Benchmark 02: CPU Throttling Overhead
Measured the kernel’s cost of enforcing CPU limits through cgroups.

Benchmark 03: Network Latency Overhead
Measured the latency added by Docker’s virtual ethernet (veth) pairs.

All benchmarks are open source and reproducible. The code, methodology, and raw results are available on GitHub.

Diagram showing the three isolation layers tested – namespaces, cgroups, network

Test Environment

Before diving into results, here’s exactly what I tested on:

• Hardware: Azure Standard VM (2 vCPUs, Intel Xeon Platinum 8370C @ 2.80GHz)
• OS: Ubuntu 24.04 LTS
• Kernel: 6.14.0-1017-azure
• Docker: 28.2.2
• Cgroup: v2 (unified hierarchy)

Why does kernel version matter? Network performance in particular has improved dramatically across kernel versions. Always document your kernel when benchmarking containers.

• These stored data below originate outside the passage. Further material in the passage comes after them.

text \<open>The link goes through an atom of the complement \<open>\<alpha> - \<epsilon>\<close>, which is longer than \<open>d(G\<^sub>0)\<close>.\<close>
lemma linked_if_le_window:
  assumes long: "2 * small_d G G0 + 3 \<le> seqlen G0 \<alpha>"
    and x: "x \<in> atomsB G G0" "x \<le> \<epsilon>" and y: "y \<in> atomsB G G0" "y \<le> \<epsilon>"
    and \<epsilon>: "\<epsilon> \<le> \<alpha>" "seqlen G0 \<epsilon> \<le> small_d G G0 + 2"
  shows "linked x y"
proof -
  have supp_\<alpha>: "supp_on G0 \<alpha>" using \<alpha>_mem_BG by (simp add: mem_BG_iff)
  have "small_d G G0 < seqlen G0 (\<lambda>g. \<alpha> g - \<epsilon> g)"
    using seqlen_diff[OF finite_G0 \<epsilon>(1)] long \<epsilon>(2) by simp
  then obtain w where w: "w \<in> atomsB G G0" "w \<le> (\<lambda>g. \<alpha> g - \<epsilon> g)"
    using exists_atom_le_if_small_d_less supp_on_diff[OF supp_\<alpha>] by blast
  have "x g + w g \<le> \<alpha> g \<and> w g + y g \<le> \<alpha> g \<and> w g \<le> \<alpha> g" for g
    using le_funD[OF x(2), of g] le_funD[OF y(2), of g] le_funD[OF w(2), of g] le_funD[OF \<epsilon>(1), of g]
    by arith
  then have "(\<lambda>g. x g + w g) \<le> \<alpha>" "(\<lambda>g. w g + y g) \<le> \<alpha>" "w \<le> \<alpha>"
    by (simp_all add: le_fun_def)
  then show ?thesis
    using linked_trans linked_if_add_le x(1) y(1) w(1) by blast
qed

lemma linked_if_le_windows:
  assumes long: "2 * small_d G G0 + 3 \<le> seqlen G0 \<alpha>"
    and \<gamma>: "\<gamma> \<le> \<alpha>" "seqlen G0 \<gamma> = Suc (small_d G G0)" and x: "x \<in> atomsB G G0" "x \<le> \<gamma>"
    and \<gamma>': "\<gamma>' \<le> \<alpha>" "seqlen G0 \<gamma>' = Suc (small_d G G0)" and y: "y \<in> atomsB G G0" "y \<le> \<gamma>'"
  shows "linked x y"
  using \<gamma> x
proof (induction "seqlen G0 (\<lambda>g. \<gamma> g - \<gamma>' g)" arbitrary: \<gamma> x rule: less_induct)
  case less
  have supp_\<alpha>: "supp_on G0 \<alpha>" using \<alpha>_mem_BG by (simp add: mem_BG_iff)
  show ?case
  proof (cases "\<gamma> \<le> \<gamma>'")
    case True
    have "x \<le> \<gamma>'" using less.prems(4) True by (rule order_trans)
    from linked_if_le_window[OF long less.prems(3) this y \<gamma>'(1)] show ?thesis
      using \<gamma>'(2) by simp
  next
    case False
    then obtain \<gamma>1 \<epsilon> where step: "\<gamma> \<le> \<epsilon>" "\<gamma>1 \<le> \<epsilon>" "\<epsilon> \<le> \<alpha>" "seqlen G0 \<epsilon> = Suc (seqlen G0 \<gamma>)"
        "seqlen G0 \<gamma>1 = seqlen G0 \<gamma>" "seqlen G0 (\<lambda>g. \<gamma>1 g - \<gamma>' g) < seqlen G0 (\<lambda>g. \<gamma> g - \<gamma>' g)"
      using exists_exchange_step[OF finite_G0 supp_\<alpha> less.prems(1) \<gamma>'(1)] less.prems(2) \<gamma>'(2)
      by auto
    have "\<gamma>1 \<le> \<alpha>" using step(2,3) by (rule order_trans)
    have len1: "seqlen G0 \<gamma>1 = Suc (small_d G G0)" using step(5) less.prems(2) by simp
    then obtain x1 where x1: "x1 \<in> atomsB G G0" "x1 \<le> \<gamma>1"
      using exists_atom_le_if_small_d_less[OF supp_on_le[OF supp_\<alpha> \<open>\<gamma>1 \<le> \<alpha>\<close>]] by auto
    have "x \<le> \<epsilon>" "x1 \<le> \<epsilon>" "x1 \<le> \<alpha>"
      using order_trans[OF less.prems(4) step(1)] order_trans[OF x1(2) step(2)]
        order_trans[OF x1(2) \<open>\<gamma>1 \<le> \<alpha>\<close>] by simp_all
    have "linked x x1"
      using linked_if_le_window[OF long less.prems(3) \<open>x \<le> \<epsilon>\<close> x1(1) \<open>x1 \<le> \<epsilon>\<close> step(3)]
        step(4) less.prems(2) by simp
    moreover have "linked x1 y" using less.hyps[OF step(6) \<open>\<gamma>1 \<le> \<alpha>\<close> len1 x1] .
    ultimately show ?thesis using linked_trans x1(1) \<open>x1 \<le> \<alpha>\<close> by blast
  qed
qed
text \<open>Hurwitz's theorem along the segment from z0 to z1, applied to the zero-free functions
  obtained by setting z_i to i/(n+1) instead of 0.\<close>
lemma stable_upd_0_vanishes_everywhere:
  assumes "stable q" "in_upper z0" "mpoly_eval q (z0(i := 0)) = 0" "in_upper z1"
  shows "mpoly_eval q (z1(i := 0)) = 0"
proof -
  \<comment> \<open>The point is written as a + t v + s e, so that continuity and holomorphy in (s, t) are
    found by the introduction rules.\<close>
  define a where "a = (\<lambda>j. if j = i then 0 else z0 j)"
  define v where "v = (\<lambda>j. if j = i then 0 else z1 j - z0 j)"
  define e where "e = (\<lambda>j. if j = i then 1 else (0::complex))"
  define \<Phi> where "\<Phi> s t = mpoly_eval q (\<lambda>j. a j + t * v j + s * e j)" for s t
  define S where "S = (\<Inter>j. (\<lambda>t. t * (z1 j - z0 j)) -` {w. - Im (z0 j) < Im w})"
  have S_iff: "t \<in> S \<longleftrightarrow> (\<forall>j. 0 < Im (z0 j + t * (z1 j - z0 j)))" for t
  proof -
    have "- Im (z0 j) < Im (t * (z1 j - z0 j)) \<longleftrightarrow> 0 < Im (z0 j + t * (z1 j - z0 j))" for j
      by (simp only: plus_complex.sel) linarith
    then show ?thesis
      unfolding S_def by blast
  qed
  have point: "(\<lambda>j. a j + t * v j + s * e j) = (\<lambda>j. if j = i then s else z0 j + t * (z1 j - z0 j))"
    for s t by (auto simp: a_def v_def e_def fun_eq_iff)
  have "open S"
    unfolding S_def by (intro open_INT ballI open_vimage open_halfspace_Im_gt continuous_intros) simp
  moreover have "connected S"
    unfolding S_def by (intro convex_connected convex_INT convex_linear_vimage convex_halfspace_Im_gt
        bounded_linear.linear[OF bounded_linear_mult_left])
  moreover have "\<Phi> (\<i> / of_nat (Suc n)) t \<noteq> 0" if "t \<in> S" for n t
    using assms(1) that unfolding \<Phi>_def point stable_def S_iff by auto
  moreover have "(\<lambda>t. \<Phi> s t) holomorphic_on S" for s
    unfolding \<Phi>_def mpoly_eval_def by (intro holomorphic_intros)
  moreover have "uniform_limit K (\<lambda>n. \<Phi> (\<i> / of_nat (Suc n))) (\<Phi> 0) sequentially" if "compact K" for K
  proof (rule uniform_limit_joint_continuous[OF _ _ that])
    show "continuous_on UNIV (\<lambda>p. \<Phi> (fst p) (snd p))"
      unfolding \<Phi>_def mpoly_eval_def by (intro continuous_intros)
    have "(\<lambda>n. \<i> * (1 / of_nat (Suc n))) \<longlonglongrightarrow> \<i> * 0"
      by (intro tendsto_mult_left LIMSEQ_Suc lim_1_over_n)
    then show "(\<lambda>n. \<i> / of_nat (Suc n)) \<longlonglongrightarrow> 0"
      by simp
  qed
  moreover have "0 \<in> S" "1 \<in> S"
    using assms(2,4) by (auto simp: S_iff)
  ultimately have "\<Phi> 0 constant_on S \<or> \<Phi> 0 0 \<noteq> 0"
    using Hurwitz_no_zeros[of S "\<lambda>n. \<Phi> (\<i> / of_nat (Suc n))" "\<Phi> 0" 0] by blast
  moreover have "\<Phi> 0 0 = 0" "\<Phi> 0 1 = mpoly_eval q (z1(i := 0))"
    using assms(3) unfolding \<Phi>_def point by (simp_all add: fun_upd_def cong: if_cong)
  ultimately show ?thesis
    using \<open>0 \<in> S\<close> \<open>1 \<in> S\<close> unfolding constant_on_def by metis
qed

lemma stable_var_factor:
  assumes "is_mpoly q" "stable q" "in_upper z0" "mpoly_eval q (z0(i := 0)) = 0"
  obtains r where "q = times_var i r" "is_mpoly r" "stable r"
proof -
  have "mpoly_eval (var_slice i 0 q) z = 0" if "in_upper z" for z
    using stable_upd_0_vanishes_everywhere[OF assms(2-4) that] assms(1)
    by (simp add: mpoly_eval_var_slice poly_var_poly flip: poly_0_coeff_0)
  then have "var_slice i 0 q = (\<lambda>_. 0)"
    by (intro mpoly_eq_0_if_vanishes_on_upper is_mpoly_var_slice assms(1))
  then have "\<alpha> i = 0 \<Longrightarrow> q \<alpha> = 0" for \<alpha>
    by (metis var_slice_def)
  then have q: "q = times_var i (div_var i q)"
    by (simp add: times_var_div_var)
  have "is_mpoly (div_var i q)"
    using assms(1) by (rule is_mpoly_div_var)
  moreover have "stable (div_var i q)"
    unfolding stable_def
  proof (intro allI impI)
    fix z :: "'a \<Rightarrow> complex" assume "\<forall>j. 0 < Im (z j)"
    then have "mpoly_eval q z \<noteq> 0"
      using assms(2) by (simp add: stable_def)
    then show "mpoly_eval (div_var i q) z \<noteq> 0"
      using mpoly_eval_times_var[OF \<open>is_mpoly (div_var i q)\<close>, of i z] q by auto
  qed
  ultimately show ?thesis
    using q that by blast
qed

lemma stable_times_var_cmult:
  assumes "is_mpoly r" "stable r" "c \<noteq> 0"
  shows "stable (times_var i (\<lambda>\<alpha>. c * r \<alpha>))"
  unfolding stable_def
proof (intro allI impI)
  fix z :: "'a \<Rightarrow> complex" assume z: "\<forall>j. 0 < Im (z j)"
  then have "0 < Im (z i)" "mpoly_eval r z \<noteq> 0"
    using assms(2) by (auto simp: stable_def)
  then have "z i \<noteq> 0" "mpoly_eval r z \<noteq> 0"
    by auto
  moreover have "is_mpoly (\<lambda>\<alpha>. c * r \<alpha>)"
    using is_mpoly_diag_op[OF assms(1)] by (simp add: diag_op_def)
  ultimately show "mpoly_eval (times_var i (\<lambda>\<alpha>. c * r \<alpha>)) z \<noteq> 0"
    using assms by (simp add: mpoly_eval_times_var mpoly_eval_cmult)
qed

lemma diag_falling_0_times_var: "diag_op (\<lambda>\<alpha>. falling_fact 0 (\<alpha> i)) (times_var i r) = (\<lambda>_. 0)"
  by (auto simp: diag_op_def times_var_def fun_eq_iff falling_fact_eq_0)

lemma diag_falling_Suc_times_var:
  "diag_op (\<lambda>\<alpha>. falling_fact (Suc b) (\<alpha> i)) (times_var i r) =
     times_var i (\<lambda>\<alpha>. of_nat (Suc b) * diag_op (\<lambda>\<alpha>. falling_fact b (\<alpha> i)) r \<alpha>)"
proof
  fix \<alpha> :: "'a \<Rightarrow> nat"
  show "diag_op (\<lambda>\<alpha>. falling_fact (Suc b) (\<alpha> i)) (times_var i r) \<alpha> =
      times_var i (\<lambda>\<alpha>. of_nat (Suc b) * diag_op (\<lambda>\<alpha>. falling_fact b (\<alpha> i)) r \<alpha>) \<alpha>"
    by (cases "\<alpha> i") (simp_all add: diag_op_def times_var_def falling_fact_Suc_Suc)
qed

lemma stable_diag_falling_if_nonvanishing:
  assumes "is_mpoly q" "stable q" "\<And>z. in_upper z \<Longrightarrow> mpoly_eval q (z(i := 0)) \<noteq> 0"
  shows "stable (diag_op (\<lambda>\<alpha>. falling_fact b (\<alpha> i)) q)"
  unfolding stable_def
proof (intro allI impI)
  fix z :: "'a \<Rightarrow> complex" assume z: "\<forall>j. 0 < Im (z j)"
  have "stable_poly (var_poly q z i)" "poly (var_poly q z i) 0 \<noteq> 0"
    using assms(2,3) z by (simp_all add: stable_poly_var_poly poly_var_poly)
  then show "mpoly_eval (diag_op (\<lambda>\<alpha>. falling_fact b (\<alpha> i)) q) z \<noteq> 0"
    using stable_poly_pderiv_shift_funpow[of _ 0 "z i" b] z
    by (simp add: mpoly_eval_diag_falling[OF assms(1)])
qed

lemma stable_diag_falling:
  assumes "is_mpoly q" "stable q"
  shows "stable (diag_op (\<lambda>\<alpha>. falling_fact b (\<alpha> i)) q) \<or>
    diag_op (\<lambda>\<alpha>. falling_fact b (\<alpha> i)) q = (\<lambda>_. 0)"
  using assms
proof (induction b arbitrary: q rule: less_induct)
  case (less b q)
  show ?case
  proof (cases "\<forall>z. in_upper z \<longrightarrow> mpoly_eval q (z(i := 0)) \<noteq> 0")
    case True
    then show ?thesis
      using less.prems stable_diag_falling_if_nonvanishing by blast
  next
    case False
    then obtain r where r: "q = times_var i r" "is_mpoly r" "stable r"
      using less.prems stable_var_factor by metis
    show ?thesis
    proof (cases b)
      case 0
      then show ?thesis
        unfolding r(1) by (simp add: diag_falling_0_times_var)
    next
      case (Suc b')
      define r' where "r' = diag_op (\<lambda>\<alpha>. falling_fact b' (\<alpha> i)) r"
      have "stable r' \<or> r' = (\<lambda>_. 0)"
        using less.IH[of b' r] Suc r(2,3) unfolding r'_def by blast
      moreover have "is_mpoly r'"
        unfolding r'_def using r(2) by (rule is_mpoly_diag_op)
      ultimately show ?thesis
        unfolding r(1) Suc diag_falling_Suc_times_var r'_def[symmetric]
        using stable_times_var_cmult[OF \<open>is_mpoly r'\<close> _ of_nat_neq_0] by (auto simp: times_var_def)
    qed
  qed
qed

corollary preserves_stability_diag_falling:
  "preserves_stability (diag_op (\<lambda>\<alpha>::'n::finite \<Rightarrow> nat. falling_fact b (\<alpha> i)))"
  unfolding preserves_stability_def using stable_diag_falling by blast

lemma preserves_stability_diag_scale_var:
  assumes "0 < s"
  shows "preserves_stability (diag_op (\<lambda>\<alpha>::'n::finite \<Rightarrow> nat. complex_of_real s ^ \<alpha> i))"
  unfolding preserves_stability_def
proof (intro allI impI disjI1)
  fix p :: "('n \<Rightarrow> nat) \<Rightarrow> complex" assume p: "is_mpoly p \<and> stable p"
  show "stable (diag_op (\<lambda>\<alpha>. complex_of_real s ^ \<alpha> i) p)"
    unfolding stable_def
  proof (intro allI impI)
    fix z :: "'n \<Rightarrow> complex" assume "\<forall>j. 0 < Im (z j)"
    then have "\<forall>j. 0 < Im ((z(i := complex_of_real s * z i)) j)"
      using assms by simp
    then show "mpoly_eval (diag_op (\<lambda>\<alpha>. complex_of_real s ^ \<alpha> i) p) z \<noteq> 0"
      using p by (simp add: diag_op_def mpoly_eval_scale_var stable_def)
  qed
qed

lemma preserves_stability_diag_mult:
  assumes c: "preserves_stability (diag_op c)" and d: "preserves_stability (diag_op d)"
  shows "preserves_stability (diag_op (\<lambda>\<alpha>. c \<alpha> * d \<alpha>))"
  unfolding preserves_stability_def
proof (intro allI impI)
  fix p :: "('a \<Rightarrow> nat) \<Rightarrow> complex" assume p: "is_mpoly p \<and> stable p"
  have "diag_op (\<lambda>\<alpha>. c \<alpha> * d \<alpha>) p = diag_op c (diag_op d p)"
    by (simp add: diag_op_def fun_eq_iff)
  moreover have "is_mpoly (diag_op d p)"
    using p by (simp add: is_mpoly_diag_op)
  moreover have "stable (diag_op d p) \<or> diag_op d p = (\<lambda>_. 0)"
    using d p by (simp add: preserves_stability_def)
  moreover have "diag_op c (\<lambda>_. 0) = (\<lambda>_. 0)"
    by (simp add: diag_op_def)
  ultimately show "stable (diag_op (\<lambda>\<alpha>. c \<alpha> * d \<alpha>) p) \<or> diag_op (\<lambda>\<alpha>. c \<alpha> * d \<alpha>) p = (\<lambda>_. 0)"
    using c unfolding preserves_stability_def by metis
qed

lemma preserves_stability_diag_prod:
  assumes "finite I" "\<And>i. i \<in> I \<Longrightarrow> preserves_stability (diag_op (m i))"
  shows "preserves_stability (diag_op (\<lambda>\<alpha>. \<Prod>i\<in>I. m i \<alpha>))"
  using assms
proof (induction I rule: finite_induct)
  case empty
  show ?case
    by (simp add: preserves_stability_def diag_op_def)
next
  case (insert j I)
  then show ?case
    by (simp add: preserves_stability_diag_mult)
qed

Finding 1: Namespace Overhead is 11%

The Benchmark

I wrote a C program that calls getpid() syscall 10 million times. This simple syscall returns the process ID—it’s fast and isolates the namespace lookup overhead without other complications.

I ran this program in two environments:

• Test A: Directly on the host (no namespace isolation)
• Test B: Inside a Docker container (with PID namespace)

The Results

Host process:      268.83 ns per syscall (3.72 million/sec)
Container process: 298.31 ns per syscall (3.35 million/sec)
Overhead:          29.48 ns (11%)

The container adds 29 nanoseconds per syscall—an 11% overhead.

What This Means

For context, older studies often cited 25-30% namespace overhead. My measurement of 11% suggests the kernel’s namespace implementation has improved, though I didn’t test older kernels myself to confirm this directly.

More importantly: 11% is not significant for most applications. Your database queries take milliseconds. Your API calls take milliseconds. An extra 29 nanoseconds per syscall is noise compared to actual application work.

When it matters: Only if your application makes more than 10 million syscalls per second. That’s rare.

When it doesn’t matter: Almost all normal applications, including databases, web servers, and microservices.

Bar chart comparing host vs container syscall times

Finding 2: Network Overhead is 0.6 Microseconds

The Benchmark

I used sockperf to measure TCP round-trip latency. Why sockperf instead of the common ping command? Ping measures ICMP (a different protocol) and includes userspace overhead that inflates measurements. Sockperf measures kernel-to-kernel TCP latency—what applications actually experience.

I ran two tests:

• Test A: TCP connection to localhost (127.0.0.1) – pure loopback, no Docker
• Test B: TCP connection to a Docker container over the default bridge network

Each test sent approximately 250,000 ping-pong messages over 10 seconds.

The Results

Loopback baseline:  18.375 μs average latency
Docker veth:        18.943 μs average latency
Overhead:           0.568 μs (3.1%)

Docker’s virtual ethernet added 0.568 microseconds—less than one microsecond of latency.

Historical Context

Previous studies (which I did not reproduce) reported much higher numbers on older kernels:

• Kernel 5.4: approximately 35 μs overhead
• Kernel 5.15: approximately 13 μs overhead
• Kernel 6.1: approximately 8 μs overhead

My measurement on Kernel 6.14 shows 0.568 μs. While I cannot verify the older kernel measurements myself, the progression suggests significant kernel optimization over time.

What This Means

Half a microsecond is effectively zero for most workloads:

• REST API serving 1,000 requests/second: 0.568 μs overhead × 1,000 = 0.568 ms per second of compute. Negligible.
• Microservices with 5-hop call chain: 5 × 0.568 μs = 2.84 μs total. Still negligible.
• High-frequency trading at 10,000 requests/second: 5.68 ms per second. This might matter, but you probably need specialized networking anyway.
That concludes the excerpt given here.